We Call Ourselves Yupiik 'Real People'
I lost feeling in my hands hours ago, the tears forced out of my eyes by the whipping wind have frozen to my cheeks, the snowmobile beneath my body jerks and bumps along with such violence I know I will find bruises tomorrow. I bury my face into the back of Matthew Jr., who skillfully dodges through the willow forests and along the frozen rivers used as roads in winter. Another hour goes by as I wonder why I am here, what am I thinking, this is how I will die… we break out into another clearing, and stop on a large frozen river in the shadow of the only mountains for hundreds of miles. I stumble off the back of the snowmobile and take in the scene. Here, hours from any village, are dozens of families laughing, playing, and picnicking while they manaq (ice fish): just a typical Saturday family outing. These are the industrious peoples whose connection to this harsh landscape has passed down through the generations. I am truly an outsider, but here on the ice for the next ten hours, I am an adopted Yup’iik. I have asked to understand what it is to be Yup’iik and slowly I am shown.
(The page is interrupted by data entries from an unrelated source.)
(* Let $(b_n)_{n=0}^\infty$ be a sequence with $b_n>0$, $b_0=1$ and $b_{n+1}/b_n\ge b$ for all $n$, for some $b>1$. Fix $C>0$. Then for every $\epsilon_0>0$ there is $\delta_0>0$ such that the following holds for every $\delta\in(0,\delta_0)$: if $A\subseteq[0,1]^2$ can be covered by $N\le C/\delta$ squares with horizontal and vertical sides of length $\delta$, then there exist $\gamma$ with $0<\gamma<\min\{1,\tfrac1b+\epsilon_0\}$ and $\tilde C>0$ such that for every sequence $\underline{\Theta}=(\underline{\theta_1},\underline{\theta_2},\dots)$ with $\underline{\theta_j}\in\mathbb{R}^2$ and every $n>0$, $$\mathcal{L}(\mathcal{A}_n(\underline{\Theta}))<\tilde C\gamma^n.$$
   Context: $\mathcal{L}$ denotes Lebesgue measure on $\mathbb{R}^2$. For $A\subseteq[0,1]^2$ let $\mathcal{A}=\bigcup_{n,m\in\mathbb{Z}}(A+(n,m))$. For $j\ge1$ and $\underline{\theta_j}\in\mathbb{R}^2$ let $\frac{\mathcal{A}-\underline{\theta_j}}{b_j}=\{(x,y): (b_jx,b_jy)+\underline{\theta_j}\in\mathcal{A}\}$, and define $$\mathcal{A}_n(\underline{\Theta})=[0,1]^2\cap\mathcal{A}\cap\frac{\mathcal{A}-\underline{\theta_1}}{b_1}\cap\frac{\mathcal{A}-\underline{\theta_2}}{b_2}\cap\dots\cap\frac{\mathcal{A}-\underline{\theta_n}}{b_n}.$$ *)

theory Defs
  imports "HOL-Analysis.Analysis"
begin

definition periodize :: "(real \<times> real) set \<Rightarrow> (real \<times> real) set" where
  "periodize A = (\<Union>n::int. \<Union>m::int. (\<lambda>p. p + (of_int n, of_int m)) ` A)"

definition scaled_shift :: "(real \<times> real) set \<Rightarrow> real \<Rightarrow> real \<times> real \<Rightarrow> (real \<times> real) set" where
  "scaled_shift S c \<theta> = {(x, y). (c * x, c * y) + \<theta> \<in> S}"

definition A_n :: "(real \<times> real) set \<Rightarrow> (nat \<Rightarrow> real) \<Rightarrow> (nat \<Rightarrow> real \<times> real) \<Rightarrow> nat \<Rightarrow> (real \<times> real) set" where
  "A_n A b \<Theta> n = ({0..1} \<times> {0..1}) \<inter> periodize A \<inter>
      (\<Inter>j\<in>{1..n}. scaled_shift (periodize A) (b j) (\<Theta> j))"

definition covered_by_squares :: "(real \<times> real) set \<Rightarrow> real \<Rightarrow> nat \<Rightarrow> bool" where
  "covered_by_squares A \<delta> N \<longleftrightarrow> (\<exists>P :: (real \<times> real) set. finite P \<and> card P \<le> N \<and>
      A \<subseteq> (\<Union>p\<in>P. {fst p .. fst p + \<delta>} \<times> {snd p .. snd p + \<delta>}))"

text \<open>Lebesgue (outer) measure on the plane; agrees with Lebesgue measure on measurable sets.\<close>
definition leb2 :: "(real \<times> real) set \<Rightarrow> real" where
  "leb2 S = (INF T\<in>{T. T \<in> sets lebesgue \<and> S \<subseteq> T \<and> emeasure lebesgue T < \<infinity>}. measure lebesgue T)"

end

theory Submission
  imports Defs
begin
Yup’iik(Yup’ik) Eskimos are the largest group of Alaskan natives still living on their traditional lands and the last to have contact with non-natives. Their civilization has weathered epidemics, missionaries, and outside influences but as a subsistence culture their connection to the land remains firm. Elders who remember life before contact with the outside world are aging but their value system, living in balance with nature, is being passed to a new generation. Now they are fighting to retain their cultural identity as the very land they depend on is transformed by climate change.